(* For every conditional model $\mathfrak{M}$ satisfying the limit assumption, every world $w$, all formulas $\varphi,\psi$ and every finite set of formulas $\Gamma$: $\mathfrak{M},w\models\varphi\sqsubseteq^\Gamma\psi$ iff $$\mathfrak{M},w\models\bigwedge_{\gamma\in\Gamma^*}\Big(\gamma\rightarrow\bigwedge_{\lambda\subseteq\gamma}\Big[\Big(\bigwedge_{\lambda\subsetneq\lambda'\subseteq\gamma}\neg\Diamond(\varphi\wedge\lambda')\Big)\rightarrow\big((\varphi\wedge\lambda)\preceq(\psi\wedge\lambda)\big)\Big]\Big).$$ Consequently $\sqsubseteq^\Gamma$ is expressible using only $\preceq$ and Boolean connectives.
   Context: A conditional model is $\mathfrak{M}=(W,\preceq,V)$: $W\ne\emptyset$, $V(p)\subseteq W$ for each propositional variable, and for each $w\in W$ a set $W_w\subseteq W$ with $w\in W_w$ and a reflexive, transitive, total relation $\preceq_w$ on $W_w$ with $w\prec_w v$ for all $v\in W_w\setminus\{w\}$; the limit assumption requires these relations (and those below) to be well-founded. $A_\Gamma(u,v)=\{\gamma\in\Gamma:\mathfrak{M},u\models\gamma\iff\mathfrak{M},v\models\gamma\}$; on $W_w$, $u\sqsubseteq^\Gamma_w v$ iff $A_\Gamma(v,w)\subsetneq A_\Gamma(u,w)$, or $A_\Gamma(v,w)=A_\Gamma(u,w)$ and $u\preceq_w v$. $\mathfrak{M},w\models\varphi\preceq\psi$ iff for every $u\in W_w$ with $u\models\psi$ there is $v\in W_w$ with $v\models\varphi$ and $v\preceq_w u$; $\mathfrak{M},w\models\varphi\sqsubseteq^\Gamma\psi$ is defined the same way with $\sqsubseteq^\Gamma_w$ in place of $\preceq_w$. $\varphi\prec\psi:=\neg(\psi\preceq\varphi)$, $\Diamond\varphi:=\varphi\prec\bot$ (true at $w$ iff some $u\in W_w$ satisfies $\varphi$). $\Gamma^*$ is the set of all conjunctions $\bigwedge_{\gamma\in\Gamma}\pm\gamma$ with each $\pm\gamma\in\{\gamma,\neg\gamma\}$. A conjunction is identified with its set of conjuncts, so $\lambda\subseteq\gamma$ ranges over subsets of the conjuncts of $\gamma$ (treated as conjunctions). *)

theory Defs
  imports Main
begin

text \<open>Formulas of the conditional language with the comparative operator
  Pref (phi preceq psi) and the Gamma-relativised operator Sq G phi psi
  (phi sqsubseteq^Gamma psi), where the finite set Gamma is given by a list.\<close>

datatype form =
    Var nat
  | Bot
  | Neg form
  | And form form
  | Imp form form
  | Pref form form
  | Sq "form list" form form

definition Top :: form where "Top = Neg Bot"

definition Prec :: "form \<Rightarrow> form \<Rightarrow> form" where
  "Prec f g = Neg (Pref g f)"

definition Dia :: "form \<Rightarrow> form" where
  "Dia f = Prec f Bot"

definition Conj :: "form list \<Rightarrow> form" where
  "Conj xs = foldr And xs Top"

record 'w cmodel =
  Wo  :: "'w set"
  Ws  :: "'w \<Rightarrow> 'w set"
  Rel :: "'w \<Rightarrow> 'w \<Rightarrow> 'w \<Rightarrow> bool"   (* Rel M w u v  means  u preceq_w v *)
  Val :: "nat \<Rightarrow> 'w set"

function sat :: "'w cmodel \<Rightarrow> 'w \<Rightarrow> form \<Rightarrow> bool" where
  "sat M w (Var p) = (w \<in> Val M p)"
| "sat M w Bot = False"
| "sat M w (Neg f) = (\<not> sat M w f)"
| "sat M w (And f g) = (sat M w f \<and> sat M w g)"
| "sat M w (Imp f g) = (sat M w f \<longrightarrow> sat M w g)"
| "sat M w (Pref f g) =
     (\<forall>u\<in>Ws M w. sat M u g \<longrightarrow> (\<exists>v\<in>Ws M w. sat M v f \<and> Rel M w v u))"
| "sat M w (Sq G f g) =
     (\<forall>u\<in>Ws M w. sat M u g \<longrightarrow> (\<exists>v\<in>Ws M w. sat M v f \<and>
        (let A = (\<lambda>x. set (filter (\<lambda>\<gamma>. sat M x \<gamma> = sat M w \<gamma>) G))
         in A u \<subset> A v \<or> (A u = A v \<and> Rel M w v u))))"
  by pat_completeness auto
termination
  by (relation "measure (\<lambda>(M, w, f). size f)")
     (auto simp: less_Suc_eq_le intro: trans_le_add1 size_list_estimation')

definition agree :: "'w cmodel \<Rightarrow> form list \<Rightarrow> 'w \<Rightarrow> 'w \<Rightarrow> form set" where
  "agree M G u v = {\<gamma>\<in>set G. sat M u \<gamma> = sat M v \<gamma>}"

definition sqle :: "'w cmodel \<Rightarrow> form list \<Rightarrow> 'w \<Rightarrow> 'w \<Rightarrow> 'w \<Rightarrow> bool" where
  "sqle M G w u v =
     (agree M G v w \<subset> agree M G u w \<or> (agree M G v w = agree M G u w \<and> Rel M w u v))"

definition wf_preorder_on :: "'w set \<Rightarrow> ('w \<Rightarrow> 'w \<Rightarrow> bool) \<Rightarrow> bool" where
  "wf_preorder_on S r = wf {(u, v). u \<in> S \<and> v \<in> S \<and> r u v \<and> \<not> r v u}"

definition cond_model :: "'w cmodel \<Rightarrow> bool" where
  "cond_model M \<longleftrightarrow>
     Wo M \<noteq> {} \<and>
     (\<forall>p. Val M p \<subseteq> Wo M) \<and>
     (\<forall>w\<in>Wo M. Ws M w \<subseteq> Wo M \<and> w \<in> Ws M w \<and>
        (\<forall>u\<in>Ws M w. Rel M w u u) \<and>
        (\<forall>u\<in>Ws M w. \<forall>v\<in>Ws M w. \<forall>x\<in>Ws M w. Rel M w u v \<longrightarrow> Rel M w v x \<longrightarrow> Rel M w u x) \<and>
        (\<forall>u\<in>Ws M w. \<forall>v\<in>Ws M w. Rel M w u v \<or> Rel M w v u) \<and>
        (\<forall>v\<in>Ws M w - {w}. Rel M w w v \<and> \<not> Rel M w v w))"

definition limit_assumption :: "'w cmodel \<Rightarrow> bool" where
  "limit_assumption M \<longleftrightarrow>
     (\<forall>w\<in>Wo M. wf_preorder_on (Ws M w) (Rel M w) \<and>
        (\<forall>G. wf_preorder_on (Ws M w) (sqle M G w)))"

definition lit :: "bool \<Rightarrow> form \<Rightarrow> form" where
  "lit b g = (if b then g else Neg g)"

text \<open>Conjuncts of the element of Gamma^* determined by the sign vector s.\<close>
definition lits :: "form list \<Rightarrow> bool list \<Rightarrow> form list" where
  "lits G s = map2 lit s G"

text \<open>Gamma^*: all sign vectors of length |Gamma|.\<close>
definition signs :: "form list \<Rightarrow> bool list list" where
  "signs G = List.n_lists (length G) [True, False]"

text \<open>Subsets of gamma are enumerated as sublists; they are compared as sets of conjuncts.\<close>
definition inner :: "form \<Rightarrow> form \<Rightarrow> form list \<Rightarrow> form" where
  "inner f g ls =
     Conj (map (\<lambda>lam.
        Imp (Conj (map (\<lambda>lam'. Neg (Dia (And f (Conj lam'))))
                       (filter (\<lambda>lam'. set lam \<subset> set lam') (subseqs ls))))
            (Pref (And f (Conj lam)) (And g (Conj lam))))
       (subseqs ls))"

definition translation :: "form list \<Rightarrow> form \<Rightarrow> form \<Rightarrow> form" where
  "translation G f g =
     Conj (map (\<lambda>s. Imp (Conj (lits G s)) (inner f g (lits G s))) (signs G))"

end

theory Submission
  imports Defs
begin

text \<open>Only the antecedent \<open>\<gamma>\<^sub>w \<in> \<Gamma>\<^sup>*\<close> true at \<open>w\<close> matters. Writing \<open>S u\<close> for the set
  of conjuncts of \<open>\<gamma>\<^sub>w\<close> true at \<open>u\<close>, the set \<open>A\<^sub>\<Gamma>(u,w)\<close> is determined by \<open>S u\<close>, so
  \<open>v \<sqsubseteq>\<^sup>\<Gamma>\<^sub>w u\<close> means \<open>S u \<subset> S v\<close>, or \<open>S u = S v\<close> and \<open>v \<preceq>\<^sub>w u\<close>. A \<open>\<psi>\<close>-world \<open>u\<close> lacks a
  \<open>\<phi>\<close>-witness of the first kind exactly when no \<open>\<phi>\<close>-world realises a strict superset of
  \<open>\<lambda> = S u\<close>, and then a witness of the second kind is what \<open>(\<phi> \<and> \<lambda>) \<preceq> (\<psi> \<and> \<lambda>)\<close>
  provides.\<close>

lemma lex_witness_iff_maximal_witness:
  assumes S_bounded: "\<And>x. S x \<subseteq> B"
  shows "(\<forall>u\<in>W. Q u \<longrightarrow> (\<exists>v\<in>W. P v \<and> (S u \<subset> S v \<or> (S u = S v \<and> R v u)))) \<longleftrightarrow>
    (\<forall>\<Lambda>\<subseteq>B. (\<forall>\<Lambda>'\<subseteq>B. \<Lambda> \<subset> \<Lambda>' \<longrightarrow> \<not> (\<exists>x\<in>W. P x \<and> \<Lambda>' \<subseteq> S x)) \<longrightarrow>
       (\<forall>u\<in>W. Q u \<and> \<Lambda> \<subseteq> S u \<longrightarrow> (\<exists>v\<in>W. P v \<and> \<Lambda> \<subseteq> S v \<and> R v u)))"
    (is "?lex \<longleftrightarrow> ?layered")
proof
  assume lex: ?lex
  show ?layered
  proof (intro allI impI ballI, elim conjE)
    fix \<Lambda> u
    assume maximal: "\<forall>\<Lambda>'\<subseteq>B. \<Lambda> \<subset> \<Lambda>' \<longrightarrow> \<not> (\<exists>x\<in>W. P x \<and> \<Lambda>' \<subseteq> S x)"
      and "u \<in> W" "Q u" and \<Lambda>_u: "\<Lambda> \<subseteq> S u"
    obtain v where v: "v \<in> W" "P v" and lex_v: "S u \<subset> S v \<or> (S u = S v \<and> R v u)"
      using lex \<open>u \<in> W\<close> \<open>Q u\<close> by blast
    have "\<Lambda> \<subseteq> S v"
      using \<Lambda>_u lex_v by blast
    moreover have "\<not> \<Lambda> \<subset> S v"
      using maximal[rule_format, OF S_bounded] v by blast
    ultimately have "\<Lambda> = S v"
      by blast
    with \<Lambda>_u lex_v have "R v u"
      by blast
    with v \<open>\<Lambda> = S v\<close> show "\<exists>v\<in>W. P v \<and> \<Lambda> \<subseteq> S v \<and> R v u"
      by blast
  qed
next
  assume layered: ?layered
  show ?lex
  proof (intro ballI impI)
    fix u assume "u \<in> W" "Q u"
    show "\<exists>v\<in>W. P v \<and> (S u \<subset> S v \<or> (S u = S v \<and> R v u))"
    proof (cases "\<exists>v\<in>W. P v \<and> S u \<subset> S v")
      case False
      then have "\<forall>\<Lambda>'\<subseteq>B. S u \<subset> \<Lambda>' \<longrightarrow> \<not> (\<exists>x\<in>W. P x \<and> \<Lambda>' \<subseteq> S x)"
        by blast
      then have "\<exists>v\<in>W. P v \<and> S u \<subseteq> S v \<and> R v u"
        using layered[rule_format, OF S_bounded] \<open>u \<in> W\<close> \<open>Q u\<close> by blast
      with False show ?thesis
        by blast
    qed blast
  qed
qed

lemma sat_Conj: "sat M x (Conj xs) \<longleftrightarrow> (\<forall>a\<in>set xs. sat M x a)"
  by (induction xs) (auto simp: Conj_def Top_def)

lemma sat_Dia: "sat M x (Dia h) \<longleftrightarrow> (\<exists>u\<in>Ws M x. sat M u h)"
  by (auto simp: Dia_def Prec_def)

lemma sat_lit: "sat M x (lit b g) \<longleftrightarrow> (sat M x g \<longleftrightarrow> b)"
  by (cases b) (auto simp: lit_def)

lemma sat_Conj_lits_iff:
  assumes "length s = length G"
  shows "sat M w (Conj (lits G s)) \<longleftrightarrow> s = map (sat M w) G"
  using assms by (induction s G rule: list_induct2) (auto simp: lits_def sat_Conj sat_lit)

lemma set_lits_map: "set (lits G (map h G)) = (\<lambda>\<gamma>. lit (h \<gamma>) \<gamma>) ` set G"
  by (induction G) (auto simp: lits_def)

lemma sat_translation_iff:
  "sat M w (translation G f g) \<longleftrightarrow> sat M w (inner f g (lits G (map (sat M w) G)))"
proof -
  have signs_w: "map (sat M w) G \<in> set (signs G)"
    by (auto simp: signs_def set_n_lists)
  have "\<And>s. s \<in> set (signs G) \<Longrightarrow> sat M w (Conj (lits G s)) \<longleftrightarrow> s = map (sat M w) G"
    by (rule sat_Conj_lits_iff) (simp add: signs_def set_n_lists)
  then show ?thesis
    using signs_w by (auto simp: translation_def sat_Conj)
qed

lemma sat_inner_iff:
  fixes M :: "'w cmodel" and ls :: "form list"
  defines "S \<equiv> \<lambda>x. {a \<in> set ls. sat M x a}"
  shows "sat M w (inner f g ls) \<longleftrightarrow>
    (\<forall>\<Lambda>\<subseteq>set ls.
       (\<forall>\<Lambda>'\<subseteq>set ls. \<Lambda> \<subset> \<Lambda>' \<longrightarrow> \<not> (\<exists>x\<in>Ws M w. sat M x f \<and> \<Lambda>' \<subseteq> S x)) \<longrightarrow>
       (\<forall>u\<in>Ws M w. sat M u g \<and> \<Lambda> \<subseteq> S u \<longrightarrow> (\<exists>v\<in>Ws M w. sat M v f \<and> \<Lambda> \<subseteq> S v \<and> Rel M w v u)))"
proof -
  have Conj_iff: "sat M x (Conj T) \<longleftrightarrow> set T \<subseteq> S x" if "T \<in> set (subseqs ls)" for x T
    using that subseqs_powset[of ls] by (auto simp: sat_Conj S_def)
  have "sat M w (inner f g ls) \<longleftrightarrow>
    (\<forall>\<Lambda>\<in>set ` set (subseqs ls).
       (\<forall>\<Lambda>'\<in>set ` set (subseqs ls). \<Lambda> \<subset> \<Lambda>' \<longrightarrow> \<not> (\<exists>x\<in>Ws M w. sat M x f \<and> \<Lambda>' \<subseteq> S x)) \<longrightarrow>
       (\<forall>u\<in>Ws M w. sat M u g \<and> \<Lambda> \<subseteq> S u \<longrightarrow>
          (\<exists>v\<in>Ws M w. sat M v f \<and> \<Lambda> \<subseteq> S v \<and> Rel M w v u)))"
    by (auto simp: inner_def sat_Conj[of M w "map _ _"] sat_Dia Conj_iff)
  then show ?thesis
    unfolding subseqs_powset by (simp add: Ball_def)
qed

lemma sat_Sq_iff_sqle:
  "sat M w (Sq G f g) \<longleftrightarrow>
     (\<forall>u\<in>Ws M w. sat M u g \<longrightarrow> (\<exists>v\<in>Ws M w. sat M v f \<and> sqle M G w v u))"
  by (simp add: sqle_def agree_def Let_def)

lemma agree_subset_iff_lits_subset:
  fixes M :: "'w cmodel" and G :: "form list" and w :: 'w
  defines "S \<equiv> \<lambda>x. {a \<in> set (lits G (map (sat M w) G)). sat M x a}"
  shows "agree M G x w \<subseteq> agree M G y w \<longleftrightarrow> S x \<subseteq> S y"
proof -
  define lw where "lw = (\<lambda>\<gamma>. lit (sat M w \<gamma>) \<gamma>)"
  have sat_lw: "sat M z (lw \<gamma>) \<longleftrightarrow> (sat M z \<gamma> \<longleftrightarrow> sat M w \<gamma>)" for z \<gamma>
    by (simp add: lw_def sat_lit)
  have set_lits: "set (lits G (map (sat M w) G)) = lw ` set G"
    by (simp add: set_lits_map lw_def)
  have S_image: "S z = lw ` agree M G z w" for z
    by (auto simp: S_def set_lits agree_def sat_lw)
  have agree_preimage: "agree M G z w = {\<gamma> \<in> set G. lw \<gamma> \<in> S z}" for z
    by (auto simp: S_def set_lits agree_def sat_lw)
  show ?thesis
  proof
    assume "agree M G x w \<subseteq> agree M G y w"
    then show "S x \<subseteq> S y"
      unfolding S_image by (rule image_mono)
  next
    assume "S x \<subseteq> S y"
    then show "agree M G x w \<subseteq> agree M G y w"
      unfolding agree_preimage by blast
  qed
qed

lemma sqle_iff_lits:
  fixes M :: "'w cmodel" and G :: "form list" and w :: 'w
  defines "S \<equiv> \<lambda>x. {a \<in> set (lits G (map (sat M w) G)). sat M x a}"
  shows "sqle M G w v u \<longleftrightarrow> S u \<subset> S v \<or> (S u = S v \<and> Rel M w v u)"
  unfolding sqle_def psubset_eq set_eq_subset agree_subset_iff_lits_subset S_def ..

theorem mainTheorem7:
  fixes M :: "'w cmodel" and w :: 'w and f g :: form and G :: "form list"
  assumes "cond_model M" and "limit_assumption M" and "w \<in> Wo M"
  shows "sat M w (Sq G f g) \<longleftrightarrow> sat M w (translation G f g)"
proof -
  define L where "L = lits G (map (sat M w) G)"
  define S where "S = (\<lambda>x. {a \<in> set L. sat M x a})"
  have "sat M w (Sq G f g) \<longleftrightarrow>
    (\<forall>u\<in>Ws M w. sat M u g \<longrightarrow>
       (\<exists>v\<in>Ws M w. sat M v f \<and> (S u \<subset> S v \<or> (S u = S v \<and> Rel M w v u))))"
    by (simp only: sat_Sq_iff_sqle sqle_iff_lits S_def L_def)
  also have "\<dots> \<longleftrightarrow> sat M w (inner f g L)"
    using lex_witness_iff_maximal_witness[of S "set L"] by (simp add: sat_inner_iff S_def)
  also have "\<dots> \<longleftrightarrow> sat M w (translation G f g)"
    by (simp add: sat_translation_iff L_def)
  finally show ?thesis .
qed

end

→ The problem: Pull every line with the string "Pref" from the data above.

→ Output below:
  Pref (phi preceq psi) and the Gamma-relativised operator Sq G phi psi
  | Pref form form
  "Prec f g = Neg (Pref g f)"
| "sat M w (Pref f g) =
            (Pref (And f (Conj lam)) (And g (Conj lam))))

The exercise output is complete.